Paul Morris learned from this mistake on 62 min 50 secs when his simple ground ball to Shaun Murphy resulted in a great score.
Wexford’s last-quarter push was a mirror image of their league game against Kikenny.
It’s the presence of a definite plan when they are playing with and against the breeze that gets lost in the negative connotations concerning systems.
Davy’s assertion that “he doesn’t care what anyone thinks” , is echoed in the defiance and unity of his players.
The unity of their set-up is often ignored and I for one have never seen body language of a disgruntled nature from his players — no suggestion this is monotonous system that has served its purpose.
Wexford are a very dangerous team and a week dominated by discussion of how poor the game was no doubt serve to heighten their insular motivation.
Talk of Davy serving a lengthy ban for his confrontation with the fourth official is hyperbolic. Damien Reck’s tracking was halted with a clothesline but the whole incident seemed to have a look of ‘just gimme a chance Davy, and I’ll send you to the stand’.
Davy gave the referee a glimpse of light and that was enough. Davy’s previous as opposed to the present likely resulted in his dismissal.
The issue itself raises more immediate questions concerning the role of linesmen, umpires, et al.
Although I am out of it less than a year, I was struck by the number of times I conversed with a linesman or fourth official in the most conciliatory tone possible and they only say to you “I can’t give it Derek, I am not the referee”.
It frustrated me, because they were often in a perfect position to see the flight of the ball, so why not overrule.
Hopefully things will change and hopefully Kieran McGeeney’s unpunished infraction from last week’s championship game also sees Davy escape a potential ban.
Beauty was unfolding in Cusack Park on Saturday also in the form of two highly-motivated, well-organised and skillful teams in Westmeath and Kerry.
Shane Conway’s sleight of hand and elusive style have been rightly lauded.
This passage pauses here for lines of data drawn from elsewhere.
(* Consider the scaled pure-scattering transport equation $$\frac{\partial I}{\partial t}+\frac{c}{\varepsilon}\vec\Omega\cdot\nabla I=\frac{c\sigma_s}{\varepsilon^2}(S-I),\qquad S(\vec\Omega)=\int_{S^2}p(\vec\Omega'\to\vec\Omega)I(\vec\Omega')\,d\vec\Omega',$$ with normalized phase function $p(\vec\Omega'\to\vec\Omega)=\sum_{l=0}^{L}C_l^\ast(\vec\Omega'\cdot\vec\Omega)^l$, $\int_{S^2}p\,d\vec\Omega'=1$, in the optically thick regime where $I=S-\varepsilon\sigma_s^{-1}\vec\Omega\cdot\nabla S+O(\varepsilon^2)$, so that to first order in $\varepsilon$ the angular moments satisfy $J^{(m)}=S^{(m)}$ for even $m$ and $J^{(n)}=S^{(n)}-\varepsilon\sigma_s^{-1}\nabla\cdot J^{(n+1)}$ for odd $n$. Here, for $(i_1,\dots,i_l)\in\{x,y,z\}^l$, $J^{(l)}_{i_1\cdots i_l}=\int\Omega_{i_1}\cdots\Omega_{i_l}I\,d\vec\Omega$ and $S^{(l)}_{i_1\cdots i_l}=\int\Omega_{i_1}\cdots\Omega_{i_l}S\,d\vec\Omega$ with $(\Omega_x,\Omega_y,\Omega_z)=(\mu,\xi,\zeta)$. Then for every odd $l$ and every tuple $(i_1,\dots,i_l)$, writing $\Omega^{(l)}_{i_1\cdots i_l}=\Omega_{i_1}\cdots\Omega_{i_l}$ and $\langle f\rangle=\int_{S^2}f\,d\vec\Omega$: (i) if the index $x$ occurs an odd number of times and $y,z$ each an even number of times, then $J^{(l)}_{i_1\cdots i_l}=\frac{\langle\mu\,\Omega^{(l)}_{i_1\cdots i_l}\rangle}{\langle\mu^2\rangle}J^{(1)}_x$; (ii) if $y$ occurs an odd number of times and $x,z$ each an even number of times, then $J^{(l)}_{i_1\cdots i_l}=\frac{\langle\xi\,\Omega^{(l)}_{i_1\cdots i_l}\rangle}{\langle\mu^2\rangle}J^{(1)}_y$; (iii) if $z$ occurs an odd number of times and $x,y$ each an even number of times, then $J^{(l)}_{i_1\cdots i_l}=\frac{\langle\zeta\,\Omega^{(l)}_{i_1\cdots i_l}\rangle}{\langle\mu^2\rangle}J^{(1)}_z$; (iv) if each of $x,y,z$ occurs an odd number of times, then $J^{(l)}_{i_1\cdots i_l}=0$.
   Context: $I(t,\vec x,\vec\Omega)$ is the radiation intensity, $c$ the speed of light, $\sigma_s$ the scattering coefficient, $\varepsilon$ the Knudsen number (ratio of mean free path to characteristic length), $\vec\Omega=(\mu,\xi,\zeta)$ a unit direction vector, and $d\vec\Omega$ surface measure on the unit sphere. The statements are understood to first order in $\varepsilon$ in the asymptotic expansion. *)

theory Defs
  imports "HOL-Analysis.Analysis"
begin

text \<open>Unit direction vector in spherical coordinates (theta polar, phi azimuthal);
  components 1,2,3 are x,y,z, i.e. (mu, xi, zeta).\<close>
definition sph_dir :: "real \<Rightarrow> real \<Rightarrow> real^3" where
  "sph_dir \<theta> \<phi> = vector [sin \<theta> * cos \<phi>, sin \<theta> * sin \<phi>, cos \<theta>]"

definition sph_int :: "(real^3 \<Rightarrow> real) \<Rightarrow> real" where
  "sph_int f = integral ({0..pi} \<times> {0..2*pi}) (\<lambda>(\<theta>,\<phi>). f (sph_dir \<theta> \<phi>) * sin \<theta>)"

definition Omega_prod :: "3 list \<Rightarrow> real^3 \<Rightarrow> real" where
  "Omega_prod idx \<Omega> = prod_list (map (\<lambda>i. \<Omega> $ i) idx)"

definition moment :: "3 list \<Rightarrow> (real^3 \<Rightarrow> real) \<Rightarrow> real" where
  "moment idx f = sph_int (\<lambda>\<Omega>. Omega_prod idx \<Omega> * f \<Omega>)"

definition phase :: "(nat \<Rightarrow> real) \<Rightarrow> nat \<Rightarrow> real^3 \<Rightarrow> real^3 \<Rightarrow> real" where
  "phase C L \<Omega>' \<Omega> = (\<Sum>l\<le>L. C l * (\<Omega>' \<bullet> \<Omega>) ^ l)"

definition source :: "(nat \<Rightarrow> real) \<Rightarrow> nat \<Rightarrow> (real^3 \<Rightarrow> real) \<Rightarrow> real^3 \<Rightarrow> real" where
  "source C L f \<Omega> = sph_int (\<lambda>\<Omega>'. phase C L \<Omega>' \<Omega> * f \<Omega>')"

end

theory Submission
  imports Defs "HOL-Computational_Algebra.Polynomial"
begin
lemma tpart_twist:
  assumes "coprime L L'" "tdvd_inf a L" "pos_tuple m"
  shows "tpart L' (twist L a m) = tpart L' m"
proof
  fix i
  have "0 < m i"
    using assms(3) by (simp add: pos_tuple_def)
  then show "tpart L' (twist L a m) i = tpart L' m i"
    using Lpart_mult_cofactor[OF assms(1) _ alpha_tpart_pos[OF assms(2,3)] supp_in_alpha_tpart[OF assms(2,3)]]
    by (simp add: twist_def tpart_def)
qed

lemma twist_twist:
  assumes "0 < L" "0 < L'" "coprime L L'" "tdvd_inf a L" "tdvd_inf b L'" "pos_tuple m"
  shows "twist L' b (twist L a m) = twist (L * L') (\<lambda>j. a j * b j) m"
proof
  fix i
  have "0 < m i"
    using assms(6) by (simp add: pos_tuple_def)
  have "twist L a m i div tpart L' m i = \<alpha> a (tpart L m) i * (m i div tpart (L * L') m i)"
    using mult_cofactor_div_Lpart[OF assms(3) \<open>0 < m i\<close> alpha_tpart_pos[OF assms(4,6)] supp_in_alpha_tpart[OF assms(4,6)]]
    by (simp add: twist_def tpart_def)
  moreover have "\<alpha> (\<lambda>j. a j * b j) (tpart (L * L') m) = (\<lambda>i. \<alpha> a (tpart L m) i * \<alpha> b (tpart L' m) i)"
    unfolding tpart_mult_coprime[OF assms(3,6)]
    using assms tpart_tdvd_inf by (intro alpha_mult) simp_all
  ultimately show "twist L' b (twist L a m) i = twist (L * L') (\<lambda>j. a j * b j) m i"
    using tpart_twist[OF assms(3,4,6)] by (simp add: twist_def ac_simps)
qed

lemma twist_1: "pos_tuple m \<Longrightarrow> twist 1 (\<lambda>_. 1) m = m"
  using tpart_1[of m] alpha_1 by (simp add: twist_def)

end

locale twisted_divisor_expansion = multiplicative_tuple_map \<alpha>
  for \<alpha> :: "('j \<Rightarrow> nat) \<Rightarrow> ('d \<Rightarrow> nat) \<Rightarrow> ('d \<Rightarrow> nat)" +
  fixes A :: "('j \<Rightarrow> nat) \<Rightarrow> ('d \<Rightarrow> nat) \<Rightarrow> complex"
    and F G :: "('d \<Rightarrow> nat) \<Rightarrow> nat \<Rightarrow> complex"
  assumes A_one: "A (\<lambda>_. 1) (\<lambda>_. 1) = 1"
    and A_mult: "\<And>a m a' m' L1 L2. 0 < L1 \<Longrightarrow> 0 < L2 \<Longrightarrow> coprime L1 L2 \<Longrightarrow>
         tdvd_inf a L1 \<Longrightarrow> tdvd_inf m L1 \<Longrightarrow> tdvd_inf a' L2 \<Longrightarrow> tdvd_inf m' L2 \<Longrightarrow>
         A (\<lambda>j. a j * a' j) (\<lambda>i. m i * m' i) = A a m * A a' m'"
    and conv: "\<And>N m L. squarefree N \<Longrightarrow> pos_tuple m \<Longrightarrow> L dvd N \<Longrightarrow>
         (\<lambda>a. norm (A a (tpart L m) * G (\<lambda>i. \<alpha> a (tpart L m) i * (m i div tpart L m i)) (N div L)))
           summable_on {a. tdvd_inf a L}"
    and expand: "\<And>N m. squarefree N \<Longrightarrow> pos_tuple m \<Longrightarrow>
         F m N = (\<Sum>L | L dvd N.
           infsum (\<lambda>a. A a (tpart L m) * G (\<lambda>i. \<alpha> a (tpart L m) i * (m i div tpart L m i)) (N div L))
             {a. tdvd_inf a L})"
begin

definition twisted_sum :: "('d \<Rightarrow> nat) \<Rightarrow> nat \<Rightarrow> nat \<Rightarrow> complex" where
  "twisted_sum m N K = infsum (\<lambda>c. A c (tpart K m) * G (twist K c m) (N div K)) {c. tdvd_inf c K}"

lemma F_eq_sum_twisted_sum:
  "squarefree N \<Longrightarrow> pos_tuple m \<Longrightarrow> F m N = (\<Sum>L | L dvd N. twisted_sum m N L)"
  by (simp add: expand twisted_sum_def twist_def)

lemma twisted_summand_summable:
  "squarefree N \<Longrightarrow> pos_tuple m \<Longrightarrow> K dvd N \<Longrightarrow>
    (\<lambda>c. A c (tpart K m) * G (twist K c m) (N div K)) summable_on {c. tdvd_inf c K}"
  unfolding twist_def by (rule abs_summable_summable) (rule conv)

lemma twisted_sum_1: "pos_tuple m \<Longrightarrow> twisted_sum m N 1 = G m N"
proof -
  have "{c :: 'j \<Rightarrow> nat. tdvd_inf c 1} = {\<lambda>_. 1}"
    using tdvd_inf_1_iff by blast
  moreover assume "pos_tuple m"
  ultimately show ?thesis
    using twist_1[of m] tpart_1[of m] A_one by (simp add: twisted_sum_def)
qed

lemma A_twist_mult:
  assumes "0 < L" "0 < L'" "coprime L L'" "tdvd_inf a L" "tdvd_inf b L'" "pos_tuple m"
  shows "A a (tpart L m) * A b (tpart L' (twist L a m)) = A (\<lambda>j. a j * b j) (tpart (L * L') m)"
  unfolding tpart_twist[OF assms(3,4,6)] tpart_mult_coprime[OF assms(3,6)]
  using assms tpart_tdvd_inf by (intro A_mult[symmetric]) simp_all

lemma infsum_F_twist:
  assumes N: "squarefree N" and m: "pos_tuple m" and "L dvd N"
  shows "infsum (\<lambda>a. A a (tpart L m) * F (twist L a m) (N div L)) {a. tdvd_inf a L}
           = (\<Sum>L' | L' dvd N div L. twisted_sum m N (L * L'))"
proof -
  define D where "D = {L'. L' dvd N div L}"
  define g where "g L' = (\<lambda>a. infsum (\<lambda>b. A (\<lambda>j. a j * b j) (tpart (L * L') m) *
      G (twist (L * L') (\<lambda>j. a j * b j) m) (N div (L * L'))) {b. tdvd_inf b L'})" for L'
  have "0 < N"
    using N by (intro gr0I) auto
  then have "0 < L" "L * (N div L) = N"
    using \<open>L dvd N\<close> by (auto intro: gr0I)
  then have "N div L dvd N" "0 < N div L"
    using \<open>0 < N\<close> by (metis dvd_triv_right, intro gr0I) auto
  then have "squarefree (N div L)" "finite D"
    using N by (auto simp: D_def intro: squarefree_mono)
  have L': "0 < L'" "coprime L L'" "L * L' dvd N" if "L' \<in> D" for L'
  proof -
    show "L * L' dvd N"
      using that \<open>L * (N div L) = N\<close> unfolding D_def by (metis mem_Collect_eq mult_dvd_mono dvd_refl)
    then show "coprime L L'"
      using N squarefree_mono squarefree_mult_imp_coprime by blast
    show "0 < L'"
      using \<open>L * L' dvd N\<close> \<open>0 < N\<close> by (auto intro: gr0I)
  qed
  have g: "g L' summable_on {a. tdvd_inf a L}"
          "infsum (g L') {a. tdvd_inf a L} = twisted_sum m N (L * L')" if "L' \<in> D" for L'
    using summable_on_infsum_reindex_bij_betw[OF bij_betw_tuple_mult[OF L'(2)[OF that]]
        twisted_summand_summable[OF N m L'(3)[OF that]]]
      infsum_infsum_reindex_bij_betw[OF bij_betw_tuple_mult[OF L'(2)[OF that]]
        twisted_summand_summable[OF N m L'(3)[OF that]]]
    by (simp_all add: g_def twisted_sum_def)
  have "A a (tpart L m) * F (twist L a m) (N div L) = (\<Sum>L'\<in>D. g L' a)" if "tdvd_inf a L" for a
  proof -
    have "A a (tpart L m) * F (twist L a m) (N div L)
        = (\<Sum>L'\<in>D. A a (tpart L m) * twisted_sum (twist L a m) (N div L) L')"
      using F_eq_sum_twisted_sum[OF \<open>squarefree (N div L)\<close> pos_tuple_twist[OF that m]]
      by (simp add: D_def sum_distrib_left)
    also have "\<dots> = (\<Sum>L'\<in>D. g L' a)"
    proof (intro sum.cong refl)
      fix L' assume "L' \<in> D"
      note L'[OF this]
      then show "A a (tpart L m) * twisted_sum (twist L a m) (N div L) L' = g L' a"
        unfolding twisted_sum_def g_def infsum_cmult_right'[symmetric]
        using that \<open>0 < L\<close> m
        by (intro infsum_cong) (simp add: A_twist_mult[symmetric] twist_twist div_mult2_eq)
    qed
    finally show ?thesis .
  qed
  then have "infsum (\<lambda>a. A a (tpart L m) * F (twist L a m) (N div L)) {a. tdvd_inf a L}
      = infsum (\<lambda>a. \<Sum>L'\<in>D. g L' a) {a. tdvd_inf a L}"
    by (intro infsum_cong) simp
  also have "\<dots> = (\<Sum>L'\<in>D. infsum (g L') {a. tdvd_inf a L})"
    using \<open>finite D\<close> g(1) by (rule infsum_finite_sum)
  also have "\<dots> = (\<Sum>L'\<in>D. twisted_sum m N (L * L'))"
    using g(2) by simp
  finally show ?thesis
    by (simp add: D_def)
qed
I saw him up close for UCC v DCU in a game scattered with inter-county stars and none shone brighter than him.
Allied to the obvious skillset, there’s a hardy edge and what seems like a vivacious personality.
Two minutes into the second half with four Westmeath wolves hunting him he sublimely hopped the ball off the ground without breaking stride and coolly played a 20-yard stick pass backwards to Michael O’Leary for a fine point.
When the need was greatest heading into injury-time he stepped forward to land the insurance point.
Enough column inches have been dedicated to the Offaly saga over the last 10 days. The question for them is what now?
James Kerr’s famed book Legacy references the starting point for the cultural overhaul of the All Blacks’ mentality and Offaly could do worse than follow that maxim.
It must begin with self-analysis, admittance from all parties linked to the GAA scene in the county that mistakes have been made.
A merger of minds at every level involving clubs, schools, board, and sponsors would ensure an open and transparent way forward.
Implicit in everyone’s mindset must be that adversity will be part of the path forward and succession planning must be integrated to reinforce a long-term shared vision.